[Provided data]:

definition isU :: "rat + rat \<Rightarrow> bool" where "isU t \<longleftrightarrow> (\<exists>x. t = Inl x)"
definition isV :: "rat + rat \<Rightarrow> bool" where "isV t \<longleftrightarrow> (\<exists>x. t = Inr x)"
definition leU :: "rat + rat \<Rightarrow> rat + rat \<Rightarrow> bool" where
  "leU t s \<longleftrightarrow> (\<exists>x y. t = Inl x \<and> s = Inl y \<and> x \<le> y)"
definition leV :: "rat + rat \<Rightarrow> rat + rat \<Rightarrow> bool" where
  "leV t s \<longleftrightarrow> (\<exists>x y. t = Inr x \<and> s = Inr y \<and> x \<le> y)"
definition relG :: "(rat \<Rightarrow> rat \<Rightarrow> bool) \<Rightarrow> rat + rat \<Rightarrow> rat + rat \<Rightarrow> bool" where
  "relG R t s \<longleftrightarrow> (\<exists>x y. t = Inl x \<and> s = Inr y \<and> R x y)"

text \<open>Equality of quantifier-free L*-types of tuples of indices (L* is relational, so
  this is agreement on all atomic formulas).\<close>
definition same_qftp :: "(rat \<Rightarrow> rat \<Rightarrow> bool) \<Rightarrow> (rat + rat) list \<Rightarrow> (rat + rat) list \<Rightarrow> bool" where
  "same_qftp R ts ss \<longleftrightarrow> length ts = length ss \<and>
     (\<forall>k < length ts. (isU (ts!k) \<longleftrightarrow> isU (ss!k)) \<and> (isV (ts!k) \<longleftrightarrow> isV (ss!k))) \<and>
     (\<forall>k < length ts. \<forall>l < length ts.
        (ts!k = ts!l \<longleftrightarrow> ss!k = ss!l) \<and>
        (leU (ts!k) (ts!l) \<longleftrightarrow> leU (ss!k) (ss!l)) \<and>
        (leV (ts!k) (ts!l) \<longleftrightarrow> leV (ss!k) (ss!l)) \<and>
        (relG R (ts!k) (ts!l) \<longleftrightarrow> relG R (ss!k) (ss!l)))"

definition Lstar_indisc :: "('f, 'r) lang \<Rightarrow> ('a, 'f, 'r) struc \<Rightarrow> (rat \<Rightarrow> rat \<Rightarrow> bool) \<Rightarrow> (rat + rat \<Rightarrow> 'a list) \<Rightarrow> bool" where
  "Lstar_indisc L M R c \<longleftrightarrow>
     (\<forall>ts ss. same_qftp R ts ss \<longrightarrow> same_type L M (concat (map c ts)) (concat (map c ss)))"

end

[Directions]: Pull every line containing "exists" out of the entries.

[Task answer]:
definition isU :: "rat + rat \<Rightarrow> bool" where "isU t \<longleftrightarrow> (\<exists>x. t = Inl x)"
definition isV :: "rat + rat \<Rightarrow> bool" where "isV t \<longleftrightarrow> (\<exists>x. t = Inr x)"
  "leU t s \<longleftrightarrow> (\<exists>x y. t = Inl x \<and> s = Inl y \<and> x \<le> y)"
  "leV t s \<longleftrightarrow> (\<exists>x y. t = Inr x \<and> s = Inr y \<and> x \<le> y)"
  "relG R t s \<longleftrightarrow> (\<exists>x y. t = Inl x \<and> s = Inr y \<and> R x y)"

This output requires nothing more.